Hopefully you can still recognize the image, although the colours are jumbled a bit. One thing you can already see is that it’s possible that your image pixel values are outside of the normal range. To fix this you can call the function tf.clip_by_value(tensor, 0, 1).

## Applying the augmentations on your tf.data.Dataset Now that you know what functions are available the next step is to map these functions to your dataset. The Dataset object itself supports this with it’s map function. However, you need to wrap the function you map inside a new function which contains all your parameters.

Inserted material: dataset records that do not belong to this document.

(* Let $A\subseteq\Omega$. If there exists a $\mathcal{P}$-e-process $(E_t)_{t\in\mathbb{N}_0}$ with $\sup_{t\in\mathbb{N}_0}E_t=\infty$ at every point of $A$, then there exists a $\mathcal{P}$-e-process $(E'_t)_{t\in\mathbb{N}_0}$ with $\lim_{t\to\infty}E'_t=\infty$ at every point of $A$; consequently $\mu^*(A)=0$.
   Context: Standing setup: $(\Omega, (\mathcal{F}_t)_{t\in\mathbb{N}_0}, \mathcal{F})$ is a filtered measurable space with $\mathcal{F} = \sigma\big(\bigcup_{t} \mathcal{F}_t\big)$. A stopping time is a map $\tau:\Omega\to\mathbb{N}_0\cup\{\infty\}$ with $\{\tau \le t\}\in\mathcal{F}_t$ for all $t$; $\mathcal{T}$ denotes the set of all stopping times. $\mathcal{P}$ is an arbitrary family of probability measures on $\mathcal{F}$. The inverse-capital measure is defined for every $A\subseteq\Omega$ by $\mu^*(A) = \inf_{\tau\in\mathcal{T}:\, A\subseteq\{\tau<\infty\}} \sup_{\mathbb{P}\in\mathcal{P}} \mathbb{P}(\tau<\infty)$. A $\mathcal{P}$-e-process is a nonnegative (possibly $[0,\infty]$-valued) process $(E_t)_{t\in\mathbb{N}_0}$ adapted to $(\mathcal{F}_t)$ such that $\mathbb{E}_{\mathbb{P}}[E_\tau]\le 1$ for every $\mathbb{P}\in\mathcal{P}$ and every $\tau\in\mathcal{T}$, with the convention $E_\infty=\limsup_{t\to\infty}E_t$. *)

theory Defs
  imports "HOL-Probability.Probability"
begin

definition filtered_space :: "'a set \<Rightarrow> (nat \<Rightarrow> 'a measure) \<Rightarrow> bool" where
  "filtered_space \<Omega> F \<longleftrightarrow> (\<forall>t. space (F t) = \<Omega>) \<and> (\<forall>s t. s \<le> t \<longrightarrow> sets (F s) \<subseteq> sets (F t))"

definition F_inf :: "'a set \<Rightarrow> (nat \<Rightarrow> 'a measure) \<Rightarrow> 'a measure" where
  "F_inf \<Omega> F = sigma \<Omega> (\<Union>t. sets (F t))"

definition is_stopping_time :: "'a set \<Rightarrow> (nat \<Rightarrow> 'a measure) \<Rightarrow> ('a \<Rightarrow> enat) \<Rightarrow> bool" where
  "is_stopping_time \<Omega> F \<tau> \<longleftrightarrow> (\<forall>t::nat. {\<omega>\<in>\<Omega>. \<tau> \<omega> \<le> enat t} \<in> sets (F t))"

definition prob_family :: "'a set \<Rightarrow> (nat \<Rightarrow> 'a measure) \<Rightarrow> 'a measure set \<Rightarrow> bool" where
  "prob_family \<Omega> F \<P> \<longleftrightarrow>
     (\<forall>M\<in>\<P>. prob_space M \<and> space M = \<Omega> \<and> sets M = sets (F_inf \<Omega> F))"

definition stopped :: "(nat \<Rightarrow> 'a \<Rightarrow> ennreal) \<Rightarrow> ('a \<Rightarrow> enat) \<Rightarrow> 'a \<Rightarrow> ennreal" where
  "stopped E \<tau> \<omega> = (if \<tau> \<omega> = \<infinity> then limsup (\<lambda>t. E t \<omega>) else E (the_enat (\<tau> \<omega>)) \<omega>)"

definition e_process :: "'a set \<Rightarrow> (nat \<Rightarrow> 'a measure) \<Rightarrow> 'a measure set \<Rightarrow> (nat \<Rightarrow> 'a \<Rightarrow> ennreal) \<Rightarrow> bool" where
  "e_process \<Omega> F \<P> E \<longleftrightarrow>
     (\<forall>t. E t \<in> borel_measurable (F t)) \<and>
     (\<forall>M\<in>\<P>. \<forall>\<tau>. is_stopping_time \<Omega> F \<tau> \<longrightarrow> (\<integral>\<^sup>+ \<omega>. stopped E \<tau> \<omega> \<partial>M) \<le> 1)"

definition inv_capital :: "'a set \<Rightarrow> (nat \<Rightarrow> 'a measure) \<Rightarrow> 'a measure set \<Rightarrow> 'a set \<Rightarrow> ennreal" where
  "inv_capital \<Omega> F \<P> A =
     (INF \<tau> \<in> {\<tau>. is_stopping_time \<Omega> F \<tau> \<and> A \<subseteq> {\<omega>\<in>\<Omega>. \<tau> \<omega> < \<infinity>}}.
        SUP M \<in> \<P>. emeasure M {\<omega>\<in>\<Omega>. \<tau> \<omega> < \<infinity>})"

end

theory Submission imports Defs begin

text \<open>Ville's inequality: stopping an e-process \<open>E\<close> when it first reaches a level \<open>c\<close> shows that
  \<open>E\<close> ever reaches \<open>c\<close> with probability at most \<open>1/c\<close> under every \<open>P\<close>. If \<open>sup E = \<infinity>\<close> on \<open>A\<close>,
  these hitting times cover \<open>A\<close>, so \<open>\<mu>*(A) \<le> 1/c\<close> for every \<open>c\<close>. Staking \<open>2^(k+1)\<close> on \<open>E\<close>
  reaching \<open>4^(k+1)\<close>, for every \<open>k\<close>, gives an adapted process whose stopped values are bounded
  by a variable of expectation at most \<open>\<Sum>k 2^(k+1) 4^-(k+1) = 1\<close>, and which increases to
  \<open>\<infinity>\<close> wherever \<open>sup E = \<infinity>\<close>.\<close>

definition hitting_time :: "(nat \<Rightarrow> 'a \<Rightarrow> ennreal) \<Rightarrow> ennreal \<Rightarrow> 'a \<Rightarrow> enat" where
  "hitting_time E c \<omega> = (if \<exists>s. c \<le> E s \<omega> then enat (LEAST s. c \<le> E s \<omega>) else \<infinity>)"

lemma hitting_time_le_enat_iff: "hitting_time E c \<omega> \<le> enat t \<longleftrightarrow> (\<exists>s\<le>t. c \<le> E s \<omega>)"
proof
  assume "hitting_time E c \<omega> \<le> enat t"
  then have hit: "\<exists>s. c \<le> E s \<omega>" and "(LEAST s. c \<le> E s \<omega>) \<le> t"
    unfolding hitting_time_def by (auto split: if_splits)
  moreover have "c \<le> E (LEAST s. c \<le> E s \<omega>) \<omega>"
    using hit by (rule LeastI_ex)
  ultimately show "\<exists>s\<le>t. c \<le> E s \<omega>" by blast
next
  assume "\<exists>s\<le>t. c \<le> E s \<omega>"
  then obtain s where "s \<le> t" "c \<le> E s \<omega>" by blast
  moreover have "(LEAST s. c \<le> E s \<omega>) \<le> s"
    using \<open>c \<le> E s \<omega>\<close> by (rule Least_le)
  ultimately show "hitting_time E c \<omega> \<le> enat t"
    unfolding hitting_time_def by auto
qed

lemma hitting_time_less_infinity_iff: "hitting_time E c \<omega> < \<infinity> \<longleftrightarrow> (\<exists>s. c \<le> E s \<omega>)"
  unfolding hitting_time_def by simp

lemma stopped_hitting_time_ge:
  assumes hit: "\<exists>s. c \<le> E s \<omega>"
  shows "c \<le> stopped E (hitting_time E c) \<omega>"
proof -
  have "c \<le> E (LEAST s. c \<le> E s \<omega>) \<omega>" using hit by (rule LeastI_ex)
  then show ?thesis using hit unfolding stopped_def hitting_time_def by simp
qed

definition boosted_process :: "(nat \<Rightarrow> 'a \<Rightarrow> ennreal) \<Rightarrow> nat \<Rightarrow> 'a \<Rightarrow> ennreal" where
  "boosted_process E t \<omega> =
     (\<Sum>k. ennreal (2 ^ Suc k) * indicator {\<omega>. \<exists>s\<le>t. ennreal (4 ^ Suc k) \<le> E s \<omega>} \<omega>)"

lemma incseq_boosted_process: "incseq (\<lambda>t. boosted_process E t \<omega>)"
  unfolding incseq_def boosted_process_def
  by (intro allI impI suminf_le summableI mult_left_mono indicator_leI) (auto intro: order_trans)

lemma boosted_process_le_sum_levels:
  assumes "\<omega> \<in> \<Omega>"
  shows "boosted_process E t \<omega>
    \<le> (\<Sum>k. ennreal (2 ^ Suc k) * indicator {\<omega>\<in>\<Omega>. \<exists>s. ennreal (4 ^ Suc k) \<le> E s \<omega>} \<omega>)"
  unfolding boosted_process_def
  by (intro suminf_le summableI mult_left_mono indicator_leI) (use assms in blast, simp)

lemma boosted_process_tendsto_infinity:
  assumes "(SUP t. E t \<omega>) = \<infinity>"
  shows "((\<lambda>t. boosted_process E t \<omega>) \<longlongrightarrow> \<infinity>) sequentially"
proof -
  have "(SUP t. boosted_process E t \<omega>) = top"
  proof (rule ennreal_SUP_eq_top)
    fix n
    have "ennreal (4 ^ Suc n) < (SUP t. E t \<omega>)"
      using assms by (metis ennreal_less_top infinity_ennreal_def)
    then obtain t where t: "ennreal (4 ^ Suc n) \<le> E t \<omega>"
      by (auto simp: less_SUP_iff intro: less_imp_le)
    define f where "f k = ennreal (2 ^ Suc k) * indicator {\<omega>. \<exists>s\<le>t. ennreal (4 ^ Suc k) \<le> E s \<omega>} \<omega>"
      for k
    have "real n \<le> 2 ^ Suc n"
      using less_exp[of "Suc n"] by (metis Suc_lessD less_imp_le of_nat_le_iff of_nat_numeral of_nat_power)
    then have "of_nat n \<le> ennreal (2 ^ Suc n)"
      by (metis ennreal_leI ennreal_of_nat_eq_real_of_nat)
    also have "\<dots> = f n"
    proof -
      have "\<omega> \<in> {\<omega>. \<exists>s\<le>t. ennreal (4 ^ Suc n) \<le> E s \<omega>}" using t by blast
      then show ?thesis unfolding f_def by simp
    qed
    also have "\<dots> \<le> (\<Sum>k. f k)"
      using sum_le_suminf[OF summableI, of "{n}" f] by simp
    also have "\<dots> = boosted_process E t \<omega>"
      unfolding boosted_process_def f_def ..
    finally show "\<exists>t\<in>UNIV. of_nat n \<le> boosted_process E t \<omega>" by blast
  qed
  then show ?thesis
    using LIMSEQ_SUP[OF incseq_boosted_process[of E \<omega>]] by (simp only: infinity_ennreal_def)
qed

context
  fixes \<Omega> :: "'a set" and F :: "nat \<Rightarrow> 'a measure" and \<P> :: "'a measure set"
  assumes filtered: "filtered_space \<Omega> F" and family: "prob_family \<Omega> F \<P>"
begin

lemma sets_F_subset_sets_prob:
  assumes "M \<in> \<P>"
  shows "sets (F t) \<subseteq> sets M"
proof -
  have "(\<Union>t. sets (F t)) \<subseteq> Pow \<Omega>"
    using filtered sets.sets_into_space unfolding filtered_space_def by fastforce
  then have "sets M = sigma_sets \<Omega> (\<Union>t. sets (F t))"
    using family assms unfolding prob_family_def F_inf_def by (simp add: sets_measure_of)
  then show ?thesis by (auto intro: sigma_sets.Basic)
qed

lemma sets_level_reached_by:
  fixes E :: "nat \<Rightarrow> 'a \<Rightarrow> 'b::{second_countable_topology, linorder_topology}"
  assumes "\<And>t. E t \<in> borel_measurable (F t)"
  shows "{\<omega>\<in>\<Omega>. \<exists>s\<le>t. c \<le> E s \<omega>} \<in> sets (F t)"
proof -
  have "{\<omega>\<in>space (F s). c \<le> E s \<omega>} \<in> sets (F s)" for s
    by (rule borel_measurable_le[where f="\<lambda>_. c"]) (simp_all add: assms)
  then have level: "{\<omega>\<in>\<Omega>. c \<le> E s \<omega>} \<in> sets (F s)" for s
    using filtered by (simp add: filtered_space_def)
  have "{\<omega>\<in>\<Omega>. \<exists>s\<le>t. c \<le> E s \<omega>} = (\<Union>s\<in>{..t}. {\<omega>\<in>\<Omega>. c \<le> E s \<omega>})"
    by auto
  also have "\<dots> \<in> sets (F t)"
    using filtered level unfolding filtered_space_def by (intro sets.finite_UN) blast+
  finally show ?thesis .
qed

lemma sets_level_reached:
  fixes E :: "nat \<Rightarrow> 'a \<Rightarrow> 'b::{second_countable_topology, linorder_topology}"
  assumes "\<And>t. E t \<in> borel_measurable (F t)" and "M \<in> \<P>"
  shows "{\<omega>\<in>\<Omega>. \<exists>s. c \<le> E s \<omega>} \<in> sets M"
proof -
  have "{\<omega>\<in>\<Omega>. \<exists>s. c \<le> E s \<omega>} = (\<Union>t. {\<omega>\<in>\<Omega>. \<exists>s\<le>t. c \<le> E s \<omega>})"
    by auto
  also have "\<dots> \<in> sets M"
    using sets_level_reached_by[OF assms(1)] sets_F_subset_sets_prob[OF assms(2)]
    by (intro sets.countable_UN) blast
  finally show ?thesis .
qed

lemma is_stopping_time_hitting_time:
  "(\<And>t. E t \<in> borel_measurable (F t)) \<Longrightarrow> is_stopping_time \<Omega> F (hitting_time E c)"
  unfolding is_stopping_time_def hitting_time_le_enat_iff by (intro allI sets_level_reached_by)

lemma e_process_emeasure_level_reached_le:
  assumes E: "e_process \<Omega> F \<P> E" and M: "M \<in> \<P>" and "0 < c"
  shows "emeasure M {\<omega>\<in>\<Omega>. \<exists>s. ennreal c \<le> E s \<omega>} \<le> ennreal (1 / c)"
proof -
  let ?R = "{\<omega>\<in>\<Omega>. \<exists>s. ennreal c \<le> E s \<omega>}"
  have adapted: "\<And>t. E t \<in> borel_measurable (F t)" using E by (simp add: e_process_def)
  have "ennreal c * emeasure M ?R = (\<integral>\<^sup>+ \<omega>. ennreal c * indicator ?R \<omega> \<partial>M)"
    using sets_level_reached[OF adapted M] by (simp add: nn_integral_cmult_indicator)
  also have "\<dots> \<le> (\<integral>\<^sup>+ \<omega>. stopped E (hitting_time E (ennreal c)) \<omega> \<partial>M)"
    by (intro nn_integral_mono) (auto simp: indicator_def intro: stopped_hitting_time_ge)
  also have "\<dots> \<le> 1"
    using E M is_stopping_time_hitting_time[OF adapted] by (simp add: e_process_def)
  finally have "ennreal c * emeasure M ?R \<le> 1" .
  then have "ennreal (1 / c) * (ennreal c * emeasure M ?R) \<le> ennreal (1 / c)"
    by (metis mult.right_neutral mult_left_mono zero_le)
  then show ?thesis
    using \<open>0 < c\<close> by (simp add: mult.assoc[symmetric] ennreal_mult[symmetric])
qed

lemma inv_capital_le_inverse_level:
  assumes E: "e_process \<Omega> F \<P> E" and "0 < c"
    and A: "A \<subseteq> {\<omega>\<in>\<Omega>. \<exists>s. ennreal c \<le> E s \<omega>}"
  shows "inv_capital \<Omega> F \<P> A \<le> ennreal (1 / c)"
proof -
  have hit: "{\<omega>\<in>\<Omega>. hitting_time E (ennreal c) \<omega> < \<infinity>} = {\<omega>\<in>\<Omega>. \<exists>s. ennreal c \<le> E s \<omega>}"
    unfolding hitting_time_less_infinity_iff ..
  have "is_stopping_time \<Omega> F (hitting_time E (ennreal c))"
    using E by (intro is_stopping_time_hitting_time) (simp add: e_process_def)
  then have "inv_capital \<Omega> F \<P> A
      \<le> (SUP M \<in> \<P>. emeasure M {\<omega>\<in>\<Omega>. hitting_time E (ennreal c) \<omega> < \<infinity>})"
    unfolding inv_capital_def using A hit by (intro INF_lower) auto
  also have "\<dots> \<le> ennreal (1 / c)"
    unfolding hit using E \<open>0 < c\<close> by (intro SUP_least e_process_emeasure_level_reached_le)
  finally show ?thesis .
qed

If you get a message like InvalidArgumentError: Length for attr 'output_shapes' of 0 must be at least minimum 1 it means that you forgot to return the tensor after applying an operation.

In [8]:

  def augment_hue(tensor):
      return tf.image.random_hue(tensor, 0.2)
  def augment_brightness(tensor):
      return tf.image.random_brightness(tensor, 0.2)

  augmented_dataset = dataset.map(augment_hue)
  augmented_dataset = dataset.map(augment_brightness)

  

You can even make the code a bit shorter and use the function directly, but then you have to map it into a lambda function.

In [9]:

  augmented_dataset = dataset.map(lambda x: tf.image.random_hue(x, 0.2))
  

Now you can also stack functions on top of each other to get super- augmentations:

In [23]:

  augmented_dataset = dataset
  augmented_dataset = augmented_dataset.map(augment_hue)
  augmented_dataset = augmented_dataset.map(augment_brightness)
  augmented_dataset = augmented_dataset.map(lambda x: tf.image.random_saturation(x, 0.5, 1.5))
  augmented_dataset = augmented_dataset.map(lambda x: tf.image.random_contrast(x, 0.2, 0.5))

  # Don't forget to make the pixel values sane again
  augmented_dataset = augmented_dataset.map(lambda x: tf.clip_by_value(x, 0.0, 1.0))
  

In [24]:

  for index, inputs in enumerate(augmented_dataset.as_numpy_iterator()):
      if index >= 3: 
          break
      plt.imshow(inputs)
      plt.show()
  

png

png

png

Images are looking great now, but the amount of augmentations is maybe a bit too much now.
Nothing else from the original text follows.